After several more efforts, we achieved this ↓ result. Although it is good enough, it was still zooming in somewhat on its own and cutting off a bit of my foot. While that wasn't much of a problem, I wanted to get it right. I went back and forth between our pose position and the phone several times, but I was getting at least some zoom every time. 


We began to figure out that, somehow, it was moving my sleeve to trigger my watch that was, somehow,  causing the problem. We tried it again (we're on maybe the fifth try by now), but this time we found ourselves taking a video. Pretty funny, but would we ever manage to take the shot the way that I had set it up?

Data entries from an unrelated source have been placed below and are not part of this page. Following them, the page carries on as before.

(* Let $0<p_0\le p<\infty$, $0<q_0\le q<\infty$ and $q/p\le q_0/p_0$. Let $f,g$ be measurable functions such that there exists $\tau_0\in(0,\infty)$ with $\lambda_f(\tau)\le\lambda_g(\tau)$ for $\tau<\tau_0$ and $\lambda_f(\tau)\ge\lambda_g(\tau)$ for $\tau>\tau_0$. Assume that the integral $\int_0^\infty(f^*(t)^{q_0}-g^*(t)^{q_0})\,d(t^{q_0/p_0})$ exists and is $\ge0$, and that $(f^*(t)^q-g^*(t)^q)t^{q/p-1}\in L^1(0,\infty)$. Then $\int_0^\infty(f^*(t)^q-g^*(t)^q)\,d(t^{q/p})\ge 0$. Consequently, if $f,g\in L(p,q)$, then $\|g\|_{L(p,q)}\le\|f\|_{L(p,q)}$.
   Context: $\lambda_f(\tau)=\mu\{|f|>\tau\}$ and $f^*(s)=\inf\{\tau>0:\lambda_f(\tau)\le s\}$ for $s>0$. For $a>0$, $\int_0^\infty h(t)\,d(t^a)$ means $a\int_0^\infty h(t)t^{a-1}\,dt$. For $0<p,q<\infty$ the Lorentz quasi-norm is $\|f\|_{L(p,q)}=\bigl(\int_0^\infty f^*(s)^q\,d(s^{q/p})\bigr)^{1/q}$, and $L(p,q)$ is the set of $f$ with finite quasi-norm. *)

theory Defs
  imports "HOL-Analysis.Analysis"
begin

definition distr_fun :: "'a measure \<Rightarrow> ('a \<Rightarrow> 'b::real_normed_vector) \<Rightarrow> real \<Rightarrow> ennreal" where
  "distr_fun M f \<tau> = emeasure M {x \<in> space M. norm (f x) > \<tau>}"

text \<open>Decreasing rearrangement f^*(s) = inf{tau > 0 : lambda_f(tau) <= s}, values in [0,infinity]
  (the infimum of the empty set is infinity).\<close>
definition rearr :: "'a measure \<Rightarrow> ('a \<Rightarrow> 'b::real_normed_vector) \<Rightarrow> real \<Rightarrow> ennreal" where
  "rearr M f s = Inf (ennreal ` {\<tau>. \<tau> > 0 \<and> distr_fun M f \<tau> \<le> ennreal s})"

definition epow :: "ennreal \<Rightarrow> real \<Rightarrow> ennreal" where
  "epow x r = (if x = top then top else ennreal (enn2real x powr r))"

text \<open>Integrand h(t) = f^*(t)^q * d(t^a)/dt = f^*(t)^q * a t^(a-1), a = q/p.\<close>
definition lz_dens :: "'a measure \<Rightarrow> ('a \<Rightarrow> 'b::real_normed_vector) \<Rightarrow> real \<Rightarrow> real \<Rightarrow> real \<Rightarrow> ennreal" where
  "lz_dens M f p q t = epow (rearr M f t) q * ennreal ((q / p) * t powr (q / p - 1))"

definition lorentz_norm :: "'a measure \<Rightarrow> real \<Rightarrow> real \<Rightarrow> ('a \<Rightarrow> 'b::real_normed_vector) \<Rightarrow> ennreal" where
  "lorentz_norm M p q f = epow (\<integral>\<^sup>+ s\<in>{0<..}. lz_dens M f p q s \<partial>lborel) (1 / q)"

definition in_lorentz :: "'a measure \<Rightarrow> real \<Rightarrow> real \<Rightarrow> ('a \<Rightarrow> 'b::real_normed_vector) \<Rightarrow> bool" where
  "in_lorentz M p q f \<longleftrightarrow> lorentz_norm M p q f < top"

text \<open>The (Lebesgue) integral  int_0^infty (f^*(t)^q - g^*(t)^q) d(t^(q/p))  exists (as an extended
  real number: the difference is a.e. defined, i.e. not of the form infinity - infinity, and
  not both its positive and negative parts have infinite integral) and is >= 0.
  Equivalently: the negative part has finite integral, not exceeding that of the positive part.
  (Truncated subtraction on ennreal yields the positive part.)\<close>
definition lz_diff_integral_nonneg ::
  "'a measure \<Rightarrow> ('a \<Rightarrow> 'b::real_normed_vector) \<Rightarrow> ('a \<Rightarrow> 'b) \<Rightarrow> real \<Rightarrow> real \<Rightarrow> bool" where
  "lz_diff_integral_nonneg M f g p q \<longleftrightarrow>
     (AE t in lborel. t > 0 \<longrightarrow> \<not> (lz_dens M f p q t = top \<and> lz_dens M g p q t = top)) \<and>
     (\<integral>\<^sup>+ t\<in>{0<..}. (lz_dens M g p q t - lz_dens M f p q t) \<partial>lborel) < top \<and>
     (\<integral>\<^sup>+ t\<in>{0<..}. (lz_dens M g p q t - lz_dens M f p q t) \<partial>lborel)
       \<le> (\<integral>\<^sup>+ t\<in>{0<..}. (lz_dens M f p q t - lz_dens M g p q t) \<partial>lborel)"

end

theory Submission
  imports Defs
begin

text \<open>By the layer-cake formula, \<open>f*(t)^q - g*(t)^q\<close> is the integral of \<open>q \<tau>^(q-1)\<close> over the
  levels \<open>\<tau>\<close> between \<open>g*(t)\<close> and \<open>f*(t)\<close>. Hence the negative and the positive part of the
  integral are integrals over two regions of the \<open>(t, \<tau>)\<close>-plane against the weight
  \<open>q \<tau>^(q-1) \<cdot> (q/p) t^(q/p-1)\<close>. The single crossing of the distribution functions at \<open>\<tau>0\<close>
  confines the region where \<open>g* > f*\<close> to \<open>\<tau> \<le> \<tau>0, t \<ge> L\<close> and the region where \<open>f* > g*\<close> to
  \<open>\<tau> \<ge> \<tau>0, t < L\<close>, where \<open>L = \<lambda>_f(\<tau>0+)\<close>. The ratio of the weights for \<open>(p, q)\<close> and
  \<open>(p0, q0)\<close> is a constant times \<open>\<tau>^(q-q0) t^(q/p-q0/p0)\<close>, increasing in \<open>\<tau>\<close> and decreasing
  in \<open>t\<close>, so it is at most its value \<open>K\<close> at \<open>(L, \<tau>0)\<close> on the first region and at least \<open>K\<close>
  on the second. Thus the negative part for \<open>(p, q)\<close> is at most \<open>K\<close> times the negative part
  for \<open>(p0, q0)\<close>, which by hypothesis is at most \<open>K\<close> times the positive part for \<open>(p0, q0)\<close>,
  which in turn is at most the positive part for \<open>(p, q)\<close>.\<close>

lemma borel_measurable_antimono_ennreal:
  fixes h :: "real \<Rightarrow> ennreal"
  assumes "antimono h"
  shows "h \<in> borel_measurable borel"
proof (rule borel_measurableI_greater)
  fix y
  have "is_interval {x. y < h x}"
    using assms unfolding is_interval_1 antimono_def by (auto intro: less_le_trans)
  then show "{x \<in> space borel. y < h x} \<in> sets borel"
    using real_interval_borel_measurable by simp
qed

lemma ennreal_less_imp_real_between:
  fixes x :: ennreal
  assumes "ennreal a < x"
  obtains \<sigma> where "a < \<sigma>" "ennreal \<sigma> < x"
proof -
  obtain z where z: "ennreal a < z" "z < x" using dense[OF assms] by blast
  then obtain r where r: "z = ennreal r" "0 \<le> r" by (cases z) auto
  then have "a < r" using z(1) by (metis ennreal_leI not_le)
  then show ?thesis using r z that by blast
qed

lemma nn_integral_powr_derivative:
  fixes a b s :: real
  assumes "0 \<le> b" "b < a" "0 < s"
  shows "(\<integral>\<^sup>+ \<tau>. ennreal (s * \<tau> powr (s - 1)) * indicator {\<tau>. 0 < \<tau> \<and> b \<le> \<tau> \<and> \<tau> < a} \<tau> \<partial>lborel)
         = ennreal (a powr s - b powr s)"
proof -
  have ftc: "((\<lambda>\<tau>. s * \<tau> powr (s - 1)) has_integral (a powr s - b powr s)) {b..a}"
  proof (rule fundamental_theorem_of_calculus_interior)
    show "continuous_on {b..a} (\<lambda>\<tau>. \<tau> powr s)"
      using assms by (intro continuous_on_powr') (auto intro: continuous_intros)
    fix x assume "x \<in> {b<..<a}"
    then have "0 < x" using assms by auto
    then show "((\<lambda>\<tau>. \<tau> powr s) has_vector_derivative s * x powr (s - 1)) (at x)"
      by (auto intro!: derivative_eq_intros simp: has_real_derivative_iff_has_vector_derivative[symmetric])
  qed (use assms in simp)
  have ftc_UNIV: "((\<lambda>\<tau>. indicator {b..a} \<tau> * (s * \<tau> powr (s - 1))) has_integral (a powr s - b powr s)) UNIV"
  proof -
    have "(\<lambda>\<tau>. indicator {b..a} \<tau> * (s * \<tau> powr (s - 1))) = (\<lambda>\<tau>. if \<tau> \<in> {b..a} then s * \<tau> powr (s - 1) else 0)"
      by (auto simp: fun_eq_iff)
    then show ?thesis using has_integral_restrict_UNIV[THEN iffD2, OF ftc] by simp
  qed
  have "(\<integral>\<^sup>+ \<tau>. ennreal (indicator {b..a} \<tau> * (s * \<tau> powr (s - 1))) \<partial>lborel)
      = ennreal (a powr s - b powr s)"
    by (rule nn_integral_has_integral_lborel[OF _ _ ftc_UNIV]) (use assms in auto)
  moreover have "AE \<tau> in lborel. ennreal (s * \<tau> powr (s - 1)) * indicator {\<tau>. 0 < \<tau> \<and> b \<le> \<tau> \<and> \<tau> < a} \<tau>
      = ennreal (indicator {b..a} \<tau> * (s * \<tau> powr (s - 1)))"
    using AE_lborel_singleton[of 0] AE_lborel_singleton[of a]
    by eventually_elim (use assms in \<open>auto simp: indicator_def\<close>)
  ultimately show ?thesis by (simp add: nn_integral_cong_AE)
qed
(* For every $*$-term $P$, there exist $X\in\mathcal T_{A,\triangle}$ and $Y\in\mathcal T_A$ such that $se(P)=X[\triangle\mapsto Y]$, $X$ contains a leaf $\triangle$ (possibly $X=\triangle$), and $Y=se(R)$ where $R$ is the rightmost $\ell$-term in $P$.
   Context: Let $A$ be a nonempty set of atoms; terms are closed terms over constants $\mathsf T,\mathsf F$, atoms $a\in A$, unary $\neg$, binary $\land^\circ$, $\lor^\circ$. Evaluation trees $\mathcal T_A$: $\mathsf T,\mathsf F\in\mathcal T_A$ and $(X\unlhd a\unrhd Y)\in\mathcal T_A$ for $X,Y\in\mathcal T_A$, $a\in A$. $\mathcal T_{A,\triangle}$ is defined in the same way but with leaves in $\{\mathsf T,\mathsf F,\triangle\}$ (so $\mathcal T_A\subseteq\mathcal T_{A,\triangle}$). Leaf replacement $X[\ell_1\mapsto Y_1,\ldots]$ replaces every leaf labelled $\ell_i$ by $Y_i$ (recursively: a leaf $\ell_i$ becomes $Y_i$, other leaves unchanged, and $(X_1\unlhd a\unrhd X_2)[\ldots]=X_1[\ldots]\unlhd a\unrhd X_2[\ldots]$). $se$: $se(\mathsf T)=\mathsf T$, $se(\mathsf F)=\mathsf F$, $se(a)=\mathsf T\unlhd a\unrhd\mathsf F$, $se(\neg P)=se(P)[\mathsf T\mapsto\mathsf F,\mathsf F\mapsto\mathsf T]$, $se(P\land^\circ Q)=se(P)[\mathsf T\mapsto se(Q)]$, $se(P\lor^\circ Q)=se(P)[\mathsf F\mapsto se(Q)]$. Syntactic categories ($a\in A$): $\mathsf T$-terms $P^{\mathsf T}::=\mathsf T\mid(a\land^\circ P^{\mathsf T})\lor^\circ P^{\mathsf T}$; $\mathsf F$-terms $P^{\mathsf F}::=\mathsf F\mid(a\lor^\circ P^{\mathsf F})\land^\circ P^{\mathsf F}$; $\ell$-terms $P^\ell::=(a\land^\circ P^{\mathsf T})\lor^\circ P^{\mathsf F}\mid(\neg a\land^\circ P^{\mathsf T})\lor^\circ P^{\mathsf F}$; $*$-terms $P^*::=P^c\mid P^d$, $P^c::=P^\ell\mid P^*\land^\circ P^d$, $P^d::=P^\ell\mid P^*\lor^\circ P^c$. A $*$-term is thus built from $\ell$-terms by $\land^\circ$ and $\lor^\circ$; its rightmost $\ell$-term is the last of these $\ell$-terms read from left to right. *)

theory Defs
  imports Main
begin

datatype 'a trm = TT | FF | Atom 'a | Neg "'a trm" | LAnd "'a trm" "'a trm" | LOr "'a trm" "'a trm"

text \<open>Evaluation trees with leaves T, F and triangle; T_A consists of the triangle-free ones.\<close>
datatype 'a etree = LT | LF | LTri | Node "'a etree" 'a "'a etree"

fun no_tri :: "'a etree \<Rightarrow> bool" where
  "no_tri LTri = False"
| "no_tri (Node X a Y) = (no_tri X \<and> no_tri Y)"
| "no_tri _ = True"

fun has_tri :: "'a etree \<Rightarrow> bool" where
  "has_tri LTri = True"
| "has_tri (Node X a Y) = (has_tri X \<or> has_tri Y)"
| "has_tri _ = False"

text \<open>Simultaneous leaf replacement X[T |-> t, F |-> f, triangle |-> d].\<close>
fun repl :: "'a etree \<Rightarrow> 'a etree \<Rightarrow> 'a etree \<Rightarrow> 'a etree \<Rightarrow> 'a etree" where
  "repl t f d LT = t"
| "repl t f d LF = f"
| "repl t f d LTri = d"
| "repl t f d (Node X a Y) = Node (repl t f d X) a (repl t f d Y)"

fun se :: "'a trm \<Rightarrow> 'a etree" where
  "se TT = LT"
| "se FF = LF"
| "se (Atom a) = Node LT a LF"
| "se (Neg P) = repl LF LT LTri (se P)"
| "se (LAnd P Q) = repl (se Q) LF LTri (se P)"
| "se (LOr P Q) = repl LT (se Q) LTri (se P)"

inductive is_T :: "'a trm \<Rightarrow> bool" where
  T_T: "is_T TT"
| T_step: "is_T P \<Longrightarrow> is_T Q \<Longrightarrow> is_T (LOr (LAnd (Atom a) P) Q)"

inductive is_F :: "'a trm \<Rightarrow> bool" where
  F_F: "is_F FF"
| F_step: "is_F P \<Longrightarrow> is_F Q \<Longrightarrow> is_F (LAnd (LOr (Atom a) P) Q)"

inductive is_l :: "'a trm \<Rightarrow> bool" where
  l_pos: "is_T P \<Longrightarrow> is_F Q \<Longrightarrow> is_l (LOr (LAnd (Atom a) P) Q)"
| l_neg: "is_T P \<Longrightarrow> is_F Q \<Longrightarrow> is_l (LOr (LAnd (Neg (Atom a)) P) Q)"

inductive is_star :: "'a trm \<Rightarrow> bool" and is_c :: "'a trm \<Rightarrow> bool" and is_d :: "'a trm \<Rightarrow> bool" where
  star_c: "is_c P \<Longrightarrow> is_star P"
| star_d: "is_d P \<Longrightarrow> is_star P"
| c_l: "is_l P \<Longrightarrow> is_c P"
| c_and: "is_star P \<Longrightarrow> is_d Q \<Longrightarrow> is_c (LAnd P Q)"
| d_l: "is_l P \<Longrightarrow> is_d P"
| d_or: "is_star P \<Longrightarrow> is_c Q \<Longrightarrow> is_d (LOr P Q)"

function rightmost :: "'a trm \<Rightarrow> 'a trm" where
  "rightmost P = (if is_l P then P else
     (case P of LAnd _ Q \<Rightarrow> rightmost Q | LOr _ Q \<Rightarrow> rightmost Q | _ \<Rightarrow> P))"
  by auto
termination
  by (relation "measure size") (auto split: trm.splits if_splits)

end

theory Submission
  imports Defs
begin

text \<open>The evaluation tree of a *-term \<open>P\<close> is built from that of its rightmost
  \<open>\<ell>\<close>-term \<open>R\<close>: this holds trivially with \<open>X = \<triangle>\<close> when \<open>P = R\<close> is an \<open>\<ell>\<close>-term.
  For \<open>P \<and>\<^sup>\<circ> Q\<close> one has \<open>se(P \<and>\<^sup>\<circ> Q) = se(P)[T \<mapsto> se(Q)]\<close>, so if \<open>se(Q) = X[\<triangle> \<mapsto> se(R)]\<close>
  then \<open>se(P \<and>\<^sup>\<circ> Q) = se(P)[T \<mapsto> X][\<triangle> \<mapsto> se(R)]\<close>, and \<open>se(P)[T \<mapsto> X]\<close> still contains \<open>\<triangle>\<close>
  because \<open>se(P)\<close> has a \<open>T\<close>-leaf (every *-term can evaluate to both truth values).
  Disjunction is symmetric with \<open>F\<close>; the only syntactic subtlety is that \<open>P \<or>\<^sup>\<circ> Q\<close>
  with \<open>Q\<close> a conjunctive *-term is never itself an \<open>\<ell>\<close>-term, since \<open>F\<close>-terms are not *-terms.\<close>

fun leaves :: "'a etree \<Rightarrow> 'a etree set" where
  "leaves (Node X a Y) = leaves X \<union> leaves Y"
| "leaves L = {L}"

lemma leaves_repl:
  "leaves (repl t f d X) =
     (if LT \<in> leaves X then leaves t else {}) \<union> (if LF \<in> leaves X then leaves f else {})
   \<union> (if LTri \<in> leaves X then leaves d else {})"
  by (induction X) auto

lemma has_tri_iff_leaves: "has_tri X \<longleftrightarrow> LTri \<in> leaves X"
  by (induction X) auto

lemma no_tri_iff_leaves: "no_tri X \<longleftrightarrow> LTri \<notin> leaves X"
  by (induction X) auto

lemma repl_repl:
  "repl a b c (repl t f d X) = repl (repl a b c t) (repl a b c f) (repl a b c d) X"
  by (induction X) auto

lemma repl_tri_irrelevant: "LTri \<notin> leaves X \<Longrightarrow> repl t f d X = repl t f d' X"
  by (induction X) auto

lemma LTri_notin_leaves_se: "LTri \<notin> leaves (se P)"
  by (induction P) (auto simp: leaves_repl)

lemma is_star_induct[consumes 1, case_names l LAnd LOr]:
  assumes "is_star P"
    and l: "\<And>P. is_l P \<Longrightarrow> \<Phi> P"
    and LAnd: "\<And>P Q. is_star P \<Longrightarrow> \<Phi> P \<Longrightarrow> is_d Q \<Longrightarrow> \<Phi> Q \<Longrightarrow> \<Phi> (LAnd P Q)"
    and LOr: "\<And>P Q. is_star P \<Longrightarrow> \<Phi> P \<Longrightarrow> is_c Q \<Longrightarrow> \<Phi> Q \<Longrightarrow> \<Phi> (LOr P Q)"
  shows "\<Phi> P"
proof -
  have "(is_star P \<longrightarrow> \<Phi> P) \<and> (is_c Q \<longrightarrow> \<Phi> Q) \<and> (is_d R \<longrightarrow> \<Phi> R)" for P Q R :: "'a trm"
    by (induction rule: is_star_is_c_is_d.induct[of _ _ _ P Q R]) (auto intro: l LAnd LOr)
  with \<open>is_star P\<close> show ?thesis by blast
qed

lemma is_F_not_is_d: "is_F P \<Longrightarrow> \<not> is_d P"
  by (auto elim: is_F.cases is_d.cases is_l.cases)

lemma is_F_not_is_c: "is_F P \<Longrightarrow> \<not> is_c P"
proof
  assume "is_c P" and "is_F P"
  then show False
    by cases (auto elim: is_F.cases is_l.cases dest: is_F_not_is_d)
qed

declare rightmost.simps [simp del]

lemma rightmost_is_l: "is_l P \<Longrightarrow> rightmost P = P"
  by (subst rightmost.simps) simp

lemma rightmost_LAnd: "rightmost (LAnd P Q) = rightmost Q"
  by (subst rightmost.simps) (auto elim: is_l.cases)

lemma rightmost_LOr: "is_c Q \<Longrightarrow> rightmost (LOr P Q) = rightmost Q"
  by (subst rightmost.simps) (auto elim: is_l.cases dest: is_F_not_is_c)

lemma LT_in_leaves_se_is_T: "is_T P \<Longrightarrow> LT \<in> leaves (se P)"
  by (induction rule: is_T.induct) (auto simp: leaves_repl)

lemma LF_in_leaves_se_is_F: "is_F P \<Longrightarrow> LF \<in> leaves (se P)"
  by (induction rule: is_F.induct) (auto simp: leaves_repl)

lemma LT_LF_in_leaves_se_is_star:
  "is_star P \<Longrightarrow> LT \<in> leaves (se P) \<and> LF \<in> leaves (se P)"
proof (induction rule: is_star_induct)
  case (l P)
  then show ?case
    by (cases rule: is_l.cases)
       (auto simp: leaves_repl dest: LT_in_leaves_se_is_T LF_in_leaves_se_is_F)
qed (auto simp: leaves_repl)

definition tri_plug :: "'a etree \<Rightarrow> 'a etree \<Rightarrow> bool" where
  "tri_plug Y Z \<longleftrightarrow> (\<exists>X. has_tri X \<and> Z = repl LT LF Y X)"

lemma tri_plug_refl: "tri_plug Y Y"
  unfolding tri_plug_def by (intro exI[of _ LTri]) simp

lemma tri_plug_repl_LT:
  assumes "tri_plug Y Z" and "LT \<in> leaves W" and "LTri \<notin> leaves W"
  shows "tri_plug Y (repl Z LF LTri W)"
proof -
  obtain X where X: "has_tri X" "Z = repl LT LF Y X"
    using assms(1) unfolding tri_plug_def by blast
  have "repl LT LF Y (repl X LF LTri W) = repl Z LF Y W"
    by (simp add: repl_repl X(2))
  also have "\<dots> = repl Z LF LTri W"
    using assms(3) by (rule repl_tri_irrelevant)
  finally show ?thesis
    unfolding tri_plug_def using X(1) assms(2)
    by (intro exI[of _ "repl X LF LTri W"]) (auto simp: has_tri_iff_leaves leaves_repl)
qed

lemma tri_plug_repl_LF:
  assumes "tri_plug Y Z" and "LF \<in> leaves W" and "LTri \<notin> leaves W"
  shows "tri_plug Y (repl LT Z LTri W)"
proof -
  obtain X where X: "has_tri X" "Z = repl LT LF Y X"
    using assms(1) unfolding tri_plug_def by blast
  have "repl LT LF Y (repl LT X LTri W) = repl LT Z Y W"
    by (simp add: repl_repl X(2))
  also have "\<dots> = repl LT Z LTri W"
    using assms(3) by (rule repl_tri_irrelevant)
  finally show ?thesis
    unfolding tri_plug_def using X(1) assms(2)
    by (intro exI[of _ "repl LT X LTri W"]) (auto simp: has_tri_iff_leaves leaves_repl)
qed

lemma tri_plug_se_rightmost: "is_star P \<Longrightarrow> tri_plug (se (rightmost P)) (se P)"
proof (induction rule: is_star_induct)
  case (l P)
  then show ?case by (simp add: rightmost_is_l tri_plug_refl)
next
  case (LAnd P Q)
  then show ?case
    by (simp add: rightmost_LAnd tri_plug_repl_LT LT_LF_in_leaves_se_is_star
        LTri_notin_leaves_se)
next
  case (LOr P Q)
  then show ?case
    by (simp add: rightmost_LOr tri_plug_repl_LF LT_LF_in_leaves_se_is_star
        LTri_notin_leaves_se)
qed

theorem lemma3p2:
  fixes P :: "'a trm"
  assumes "is_star P"
  shows "\<exists>X Y. se P = repl LT LF Y X \<and> has_tri X \<and> no_tri Y \<and> Y = se (rightmost P)"
proof -
  obtain X where "has_tri X" "se P = repl LT LF (se (rightmost P)) X"
    using tri_plug_se_rightmost[OF assms] unfolding tri_plug_def by blast
  moreover have "no_tri (se (rightmost P))"
    by (simp add: no_tri_iff_leaves LTri_notin_leaves_se)
  ultimately show ?thesis by blast
qed

end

Finally, I captured the composition that I had envisioned, with Sue being the one to trigger my watch as I held my sleeve out of the way. 


Oh and by the way, I captured a very Bleak November sort of photo on our subsequent trail stroll.

The wind was howling, and then it began to rain while we were still a distance from our car.


Monday, November 03, 2025

November is Upon Us

November begins with the time change, which, believe it or not, I looked forward to this year. You see, I have been getting to sleep around 1 o'clock, give or take. I would prefer to get off to dreamland an hour earlier, like I was doing a few months ago. In fact, the sandman dropped in to see me by 11:30 on many a night.

With the time change, 1 o'clock would be 12, and I thought that my preferred adaptation would thus ensue seamlessly. 

Except that on that particular night, sleep eluded me until 2, which meant that it was 1 new time. I can verify this because I saw the flip with mine own bleary eyes as I stared anxiously at the darn clock. So now new time is the same as the old time. Blast it all.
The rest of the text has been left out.